Saturday, January 18, 2014

The $99 Mouser

My first project gun won the 2014 24hourcampfire Michigan Get-together Ugly Gun Contest

It started life as a $99 Model 1938 Turkish Mauser with a 29" barrel, military sights and trigger. These are the guns that get advertised by the local shop-n-swap papers as "Mousers". I did a mild sporterizing job on it. I bobbed the barrel to 22", installed a new Lyman front sight and a Mojo (brand name) rear sight. I installed a Timney trigger. I pillar bedded the screw holes and glass bedded the action and the first 2 inches of the barrel. 

The recoil pad is a special point of pride.  Many fancy guns have rosewood endcaps on the forearm.  I stepped it up a notch and added a sugar maple spacer to increase the length of pull and to provide a bigger butt-plate so I could install a Classic Magnum Pacmayr recoil pad.  Guns are like boats and women.  Some are built for speed. Some are built for comfort.  A few rare, fine individuals excel at both.  This gun clearly comes down on the comfort side of the scales.

Family Budgets 

Mil surplus projects work for me because each additional part can be purchased for about $30. My wife and I have a rule: I can buy a new toy without first consulting with her if it is less than $100 and I have the money in my checking account. MidwayUSA charges $9.00 to ship to my zipcode. Let's see, 3 parts at $30 and $9 shipping...that is $99. 


Signs from the Cosmos do not come any clearer than that. 


My "Mouser" is a near perfect Billy-Bob gun. It looks like a beater mil-surp gun but is a joy to shoot. A big part of the fun is to be able to shoot it often. 


The next logical step was to get into reloading. Except for the press, everything comes in $12 and $20 bites. The current load of choice is a 175 Sierra softpoint in Prvi Partizan Brass with an ample charge of IMR 4895. Life is beautiful.

Grandpa Ed

My friend Ed heard that I was reloading. Ed works at an auction house. He picked up 5 large cardboard boxes of reloading supplies for a song at one of the auctions he was working and came over to drop them off.  

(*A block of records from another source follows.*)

(* Let $\ell\ge 4$, $s\ge 0$, $r\ge 2$ be integers. There is a constant $c=c(\ell,s,r)$ such that for every $n$ and every $n$-vertex $B(\ell,s)$-free graph $G$, the number of $r$-element subsets of $V(G)$ having more than $\ell+s$ common neighbors in $G$ is at most $cn$.
   Context: The broom $B(\ell,s)$ is the graph obtained from a path on $\ell$ vertices by adding $s$ new vertices, each joined only to a penultimate vertex of the path (a neighbor of an endpoint). A common neighbor of a vertex set $X$ is a vertex adjacent to every vertex of $X$. *)

theory Defs
  imports Complex_Main
begin

definition simple_graph :: "'a set \<Rightarrow> ('a \<Rightarrow> 'a \<Rightarrow> bool) \<Rightarrow> bool" where
  "simple_graph V E \<longleftrightarrow> finite V \<and> (\<forall>x y. E x y \<longrightarrow> x \<in> V \<and> y \<in> V)
     \<and> (\<forall>x y. E x y \<longrightarrow> E y x) \<and> (\<forall>x. \<not> E x x)"

text \<open>The broom B(l,s) on vertex set {0..<l+s}: path 0 - 1 - ... - (l-1), and
  leaves l, ..., l+s-1 each joined to the penultimate path vertex l-2.\<close>
definition broom_edge :: "nat \<Rightarrow> nat \<Rightarrow> nat \<Rightarrow> nat \<Rightarrow> bool" where
  "broom_edge l s i j \<longleftrightarrow>
     (i + 1 = j \<and> j < l) \<or> (j + 1 = i \<and> i < l) \<or>
     (i = l - 2 \<and> l \<le> j \<and> j < l + s) \<or> (j = l - 2 \<and> l \<le> i \<and> i < l + s)"

definition contains_broom :: "'a set \<Rightarrow> ('a \<Rightarrow> 'a \<Rightarrow> bool) \<Rightarrow> nat \<Rightarrow> nat \<Rightarrow> bool" where
  "contains_broom V E l s \<longleftrightarrow>
     (\<exists>f. inj_on f {0..<l+s} \<and> f ` {0..<l+s} \<subseteq> V \<and>
          (\<forall>i<l+s. \<forall>j<l+s. broom_edge l s i j \<longrightarrow> E (f i) (f j)))"

definition broom_free :: "'a set \<Rightarrow> ('a \<Rightarrow> 'a \<Rightarrow> bool) \<Rightarrow> nat \<Rightarrow> nat \<Rightarrow> bool" where
  "broom_free V E l s \<longleftrightarrow> \<not> contains_broom V E l s"

definition common_nbrs :: "'a set \<Rightarrow> ('a \<Rightarrow> 'a \<Rightarrow> bool) \<Rightarrow> 'a set \<Rightarrow> 'a set" where
  "common_nbrs V E X = {v \<in> V. \<forall>x\<in>X. E x v}"

end

theory Submission
  imports Defs
begin

text \<open>A graph with no broom B(l,s) has a vertex of degree less than l + s: otherwise, starting
  from any vertex v, greedily grow a path of l - 1 vertices ending at v; v still has s + 1
  neighbours off the path, which complete the broom with v as its penultimate vertex. Broom-freeness
  passes to subgraphs, so G is (l + s)-degenerate. Deleting a vertex v of degree at most l + s
  destroys only those r-sets with many common neighbours that lie inside the neighbourhood of v
  (an r-set containing v has at most deg v common neighbours), i.e. at most 2^(l+s) of them, and
  induction on the number of vertices gives the bound 2^(l+s) n.\<close>

definition nbrs :: "'a set \<Rightarrow> ('a \<Rightarrow> 'a \<Rightarrow> bool) \<Rightarrow> 'a \<Rightarrow> 'a set" where
  "nbrs V E v = {u \<in> V. E v u}"

definition rich_sets :: "'a set \<Rightarrow> ('a \<Rightarrow> 'a \<Rightarrow> bool) \<Rightarrow> nat \<Rightarrow> nat \<Rightarrow> 'a set set" where
  "rich_sets V E r t = {X. X \<subseteq> V \<and> card X = r \<and> card (common_nbrs V E X) > t}"

definition degenerate :: "'a set \<Rightarrow> ('a \<Rightarrow> 'a \<Rightarrow> bool) \<Rightarrow> nat \<Rightarrow> bool" where
  "degenerate V E t \<longleftrightarrow> (\<forall>W\<subseteq>V. W \<noteq> {} \<longrightarrow> (\<exists>v\<in>W. card (nbrs W E v) \<le> t))"

lemma degenerate_subset: "degenerate V E t \<Longrightarrow> W \<subseteq> V \<Longrightarrow> degenerate W E t"
  unfolding degenerate_def by (meson order_trans)

lemma finite_nbrs: "finite V \<Longrightarrow> finite (nbrs V E v)"
  by (simp add: nbrs_def)

lemma path_ending_at:
  assumes sym: "\<And>x y. E x y \<Longrightarrow> E y x"
    and deg: "\<forall>u\<in>V. D \<le> card (nbrs V E u)" and v: "v \<in> V" and "k < D"
  shows "\<exists>ps. length ps = Suc k \<and> distinct ps \<and> set ps \<subseteq> V \<and> successively E ps \<and> last ps = v"
  using \<open>k < D\<close>
proof (induction k)
  case 0
  show ?case using v by (intro exI[of _ "[v]"]) auto
next
  case (Suc k)
  then obtain ps where ps: "length ps = Suc k" "distinct ps" "set ps \<subseteq> V"
    "successively E ps" "last ps = v" by auto
  have "ps \<noteq> []" using ps(1) by auto
  then have "hd ps \<in> V" using ps(3) by auto
  then have "card (set ps) < card (nbrs V E (hd ps))"
    using deg Suc.prems ps(1,2) distinct_card[of ps] by fastforce
  then have "\<not> nbrs V E (hd ps) \<subseteq> set ps"
    using card_mono[OF finite_set, of "nbrs V E (hd ps)" ps] by linarith
  then obtain u where u: "u \<in> nbrs V E (hd ps)" "u \<notin> set ps" by auto
  then have "u \<in> V" "E u (hd ps)" using sym by (auto simp: nbrs_def)
  then show ?case
    using ps u \<open>ps \<noteq> []\<close> by (intro exI[of _ "u # ps"]) (simp add: successively_Cons)
qed

lemma contains_broom_mono:
  assumes "contains_broom W E l s" and "W \<subseteq> V"
  shows "contains_broom V E l s"
proof -
  obtain f where "inj_on f {0..<l+s}" "f ` {0..<l+s} \<subseteq> W"
    "\<forall>i<l+s. \<forall>j<l+s. broom_edge l s i j \<longrightarrow> E (f i) (f j)"
    using assms(1) unfolding contains_broom_def by blast
  then show ?thesis using assms(2) unfolding contains_broom_def by (intro exI[of _ f]) auto
qed

lemma contains_broomI:
  assumes sym: "\<And>x y. E x y \<Longrightarrow> E y x" and l: "2 \<le> l"
    and xs: "distinct xs" "set xs \<subseteq> V" "length xs = l + s"
    and path: "successively E (take (l - 1) xs)"
    and leaves: "\<And>j. l - 1 \<le> j \<Longrightarrow> j < l + s \<Longrightarrow> E (xs ! (l - 2)) (xs ! j)"
  shows "contains_broom V E l s"
  unfolding contains_broom_def
proof (intro exI[of _ "nth xs"] conjI allI impI)
  show "inj_on (nth xs) {0..<l + s}" using xs by (intro inj_on_nth) auto
  show "nth xs ` {0..<l + s} \<subseteq> V" using xs nth_mem by fastforce
next
  fix i j assume "i < l + s" "j < l + s" "broom_edge l s i j"
  have edge: "E (xs ! i) (xs ! j)" if "i + 1 = j" "j < l" for i j
  proof (cases "j < l - 1")
    case True
    then show ?thesis
      using successively_nth[OF path, of i] that xs(3) by auto
  next
    case False
    then have "i = l - 2" "l - 1 \<le> j" using that by auto
    then show ?thesis using leaves[of j] that by simp
  qed
  from \<open>broom_edge l s i j\<close> consider "i + 1 = j" "j < l" | "j + 1 = i" "i < l"
    | "i = l - 2" "l \<le> j" "j < l + s" | "j = l - 2" "l \<le> i" "i < l + s"
    unfolding broom_edge_def by blast
  then show "E (xs ! i) (xs ! j)"
  proof cases
    case 3
    then show ?thesis using leaves[of j] by simp
  next
    case 4
    then show ?thesis using leaves[of i] sym by simp
  qed (use edge sym in blast)+
qed

lemma contains_broom_if_min_degree:
  assumes sym: "\<And>x y. E x y \<Longrightarrow> E y x" and "V \<noteq> {}" and l: "2 \<le> l"
    and deg: "\<forall>u\<in>V. l + s \<le> card (nbrs V E u)"
  shows "contains_broom V E l s"
proof -
  obtain v where v: "v \<in> V" using \<open>V \<noteq> {}\<close> by auto
  have "l - 2 < l + s" using l by simp
  then obtain ps where ps: "length ps = Suc (l - 2)" "distinct ps" "set ps \<subseteq> V"
    "successively E ps" "last ps = v"
    using path_ending_at[OF sym deg v] by blast
  have len_ps: "length ps = l - 1" using ps(1) l by simp
  define S where "S = nbrs V E v - set ps"
  have "s + 1 \<le> card S"
    using deg v diff_card_le_card_Diff[of "set ps" "nbrs V E v"] distinct_card[OF ps(2)] len_ps l
    unfolding S_def by auto
  then obtain T where T: "T \<subseteq> S" "card T = s + 1"
    by (meson obtain_subset_with_card_n)
  then have "finite T" using card.infinite by force
  then obtain ls where ls: "set ls = T" "distinct ls" "length ls = s + 1"
    using T(2) by (metis finite_distinct_list distinct_card)
  have "l - 2 < length ps" "l - 2 = length ps - 1" using len_ps l by auto
  then have "(ps @ ls) ! (l - 2) = ps ! (length ps - 1)" by (simp add: nth_append)
  also have "\<dots> = v" using ps(1,5) by (metis last_conv_nth list.size(3) nat.distinct(1))
  finally have penultimate: "(ps @ ls) ! (l - 2) = v" .
  show ?thesis
  proof (rule contains_broomI[OF sym l])
    show "distinct (ps @ ls)" using ps ls T by (auto simp: S_def)
    show "set (ps @ ls) \<subseteq> V" using ps ls T by (auto simp: S_def nbrs_def)
    show "length (ps @ ls) = l + s" using len_ps ls l by simp
    show "successively E (take (l - 1) (ps @ ls))" using ps(4) len_ps by simp
  next
    fix j assume "l - 1 \<le> j" "j < l + s"
    then have "(ps @ ls) ! j \<in> T" using len_ps ls l by (auto simp: nth_append)
    then show "E ((ps @ ls) ! (l - 2)) ((ps @ ls) ! j)"
      using penultimate T by (auto simp: S_def nbrs_def)
  qed
qed

lemma broom_free_low_degree_vertex:
  assumes "\<And>x y. E x y \<Longrightarrow> E y x" and "V \<noteq> {}" and "2 \<le> l" and "broom_free V E l s"
  shows "\<exists>v\<in>V. card (nbrs V E v) < l + s"
  using contains_broom_if_min_degree[of E V l s] assms
  unfolding broom_free_def by (meson not_le)

lemma broom_free_degenerate:
  assumes sym: "\<And>x y. E x y \<Longrightarrow> E y x" and "2 \<le> l" and "broom_free V E l s"
  shows "degenerate V E (l + s)"
  unfolding degenerate_def
proof (intro allI impI)
  fix W assume "W \<subseteq> V" "W \<noteq> {}"
  have "broom_free W E l s"
    using assms(3) contains_broom_mono[OF _ \<open>W \<subseteq> V\<close>] unfolding broom_free_def by blast
  then obtain v where "v \<in> W" "card (nbrs W E v) < l + s"
    using broom_free_low_degree_vertex[of E W l s, OF sym \<open>W \<noteq> {}\<close> \<open>2 \<le> l\<close>] by blast
  then show "\<exists>v\<in>W. card (nbrs W E v) \<le> l + s" using less_imp_le by blast
qed

lemma rich_sets_remove_low_degree:
  assumes "finite V" and sym: "\<And>x y. E x y \<Longrightarrow> E y x" and deg: "card (nbrs V E v) \<le> t"
  shows "rich_sets V E r t \<subseteq> rich_sets (V - {v}) E r t \<union> {X. X \<subseteq> nbrs V E v \<and> card X = r}"
proof
  fix X assume X: "X \<in> rich_sets V E r t"
  show "X \<in> rich_sets (V - {v}) E r t \<union> {X. X \<subseteq> nbrs V E v \<and> card X = r}"
  proof (cases "v \<in> common_nbrs V E X")
    case True
    then have "X \<subseteq> nbrs V E v" using X sym by (auto simp: rich_sets_def common_nbrs_def nbrs_def)
    then show ?thesis using X by (auto simp: rich_sets_def)
  next
    case False
    have "v \<notin> X"
    proof
      assume "v \<in> X"
      then have "common_nbrs V E X \<subseteq> nbrs V E v" by (auto simp: common_nbrs_def nbrs_def)
      then have "card (common_nbrs V E X) \<le> card (nbrs V E v)"
        by (rule card_mono[OF finite_nbrs[OF \<open>finite V\<close>]])
      then show False using X deg by (simp add: rich_sets_def)
    qed
    moreover have "common_nbrs (V - {v}) E X = common_nbrs V E X"
      using False by (auto simp: common_nbrs_def)
    ultimately show ?thesis using X by (auto simp: rich_sets_def)
  qed
qed

lemma card_rich_sets_le:
  assumes "finite V" and sym: "\<And>x y. E x y \<Longrightarrow> E y x"
    and "degenerate V E t"
  shows "card (rich_sets V E r t) \<le> 2 ^ t * card V"
  using assms(1,3)
proof (induction V rule: finite_psubset_induct)
  case (psubset V)
  show ?case
  proof (cases "V = {}")
    case True
    then show ?thesis by (simp add: rich_sets_def common_nbrs_def)
  next
    case False
    then obtain v where v: "v \<in> V" "card (nbrs V E v) \<le> t"
      using psubset.prems unfolding degenerate_def by blast
    let ?N = "{X. X \<subseteq> nbrs V E v \<and> card X = r}"
    have fin_N: "finite ?N"
      by (rule finite_subset[of _ "Pow (nbrs V E v)"]) (auto simp: finite_nbrs psubset.hyps)
    have "card ?N \<le> card (Pow (nbrs V E v))"
      by (rule card_mono) (auto simp: finite_nbrs psubset.hyps)
    also have "\<dots> \<le> 2 ^ t"
      using v(2) psubset.hyps by (simp add: card_Pow finite_nbrs power_increasing)
    finally have card_N: "card ?N \<le> 2 ^ t" .
    have fin_rich: "finite (rich_sets (V - {v}) E r t)"
      by (rule finite_subset[of _ "Pow V"]) (auto simp: rich_sets_def psubset.hyps)
    have IH: "card (rich_sets (V - {v}) E r t) \<le> 2 ^ t * card (V - {v})"
      using psubset.IH[OF _ degenerate_subset[OF psubset.prems]] v(1) by blast
    have "card (rich_sets V E r t) \<le> card (rich_sets (V - {v}) E r t \<union> ?N)"
      using rich_sets_remove_low_degree[OF psubset.hyps(1) sym v(2)] fin_rich fin_N
      by (intro card_mono) auto
    also have "\<dots> \<le> card (rich_sets (V - {v}) E r t) + card ?N" by (rule card_Un_le)
    also have "\<dots> \<le> 2 ^ t * card (V - {v}) + 2 ^ t" using IH card_N by linarith
    also have "\<dots> = 2 ^ t * card V"
      by (simp flip: card_Suc_Diff1[OF psubset.hyps(1) v(1)])
    finally show ?thesis .
  qed
qed

theorem mainTheorem4:
  fixes l s r :: nat
  assumes "l \<ge> 4" and "r \<ge> 2"
  shows "\<exists>c::real. \<forall>(V::nat set) E.
           simple_graph V E \<and> broom_free V E l s \<longrightarrow>
           real (card {X. X \<subseteq> V \<and> card X = r \<and> card (common_nbrs V E X) > l + s})
             \<le> c * real (card V)"
proof (intro exI[of _ "2 ^ (l + s)"] allI impI)
  fix V :: "nat set" and E assume "simple_graph V E \<and> broom_free V E l s"
  then have fin: "finite V" and sym: "\<And>x y. E x y \<Longrightarrow> E y x" and free: "broom_free V E l s"
    by (auto simp: simple_graph_def)
  have "degenerate V E (l + s)"
    using broom_free_degenerate[of E l V s, OF sym _ free] \<open>l \<ge> 4\<close> by simp
  then have "card (rich_sets V E r (l + s)) \<le> 2 ^ (l + s) * card V"
    using card_rich_sets_le[of V E] fin sym by blast
  then have "real (card (rich_sets V E r (l + s))) \<le> real (2 ^ (l + s) * card V)"
    by (simp only: of_nat_le_iff)
  then show "real (card {X. X \<subseteq> V \<and> card X = r \<and> card (common_nbrs V E X) > l + s})
      \<le> 2 ^ (l + s) * real (card V)"
    by (simp add: rich_sets_def)
qed

end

I asked him if he wanted to shoot the project gun.  

"You bet!" He said. "I never turn down a chance to burn other people's ammo." 

So we stepped out onto the deck. "Its a good thing you called because it gave me a chance to set up. I generally sit in that chair and rest the gun across the rail. Just aim at the nail in the center of the paper plate that is nailed to that 8" chunk of fire wood." I point at a chunk of elm sitting in the middle of the yard, strategically positioned in front of a huge pile of dirt. 

"I don't need no stinking rest." Ed said. He shouldered the gun, squinted down the barrel and fired. He racked up another and shot again. 

 "You should have used the rest, you missed both times." I said.  

 "No, I don't think I missed." Ed said.  

I pointed at the paper plate. "I don't see any holes in the plate." I said. 

"I wasn't aiming at that plate. That one was too close. I was aiming at the other plate." Ed said. 

"What other plate? What are you talking about?" I asked. 

"That one." he said, pointing at a pile of firewood my brother Jim had shredded with his 44 magnum. I had dumped them over yonder, next to the pasture fence. 

Yup, sure enough, you could still see part of the paper plate nailed to one of them.  

Ed put down the gun and we strolled over to the pile of dead elm.  

 He missed the paper plate but did not miss the stock tank that was right behind it. There were 2 holes in the front of the tank and the back was split from top-to-bottom.  

Proof that proper reloading components and technique can turn a $99 Mouser into an devastatingly effective anti-tank weapon.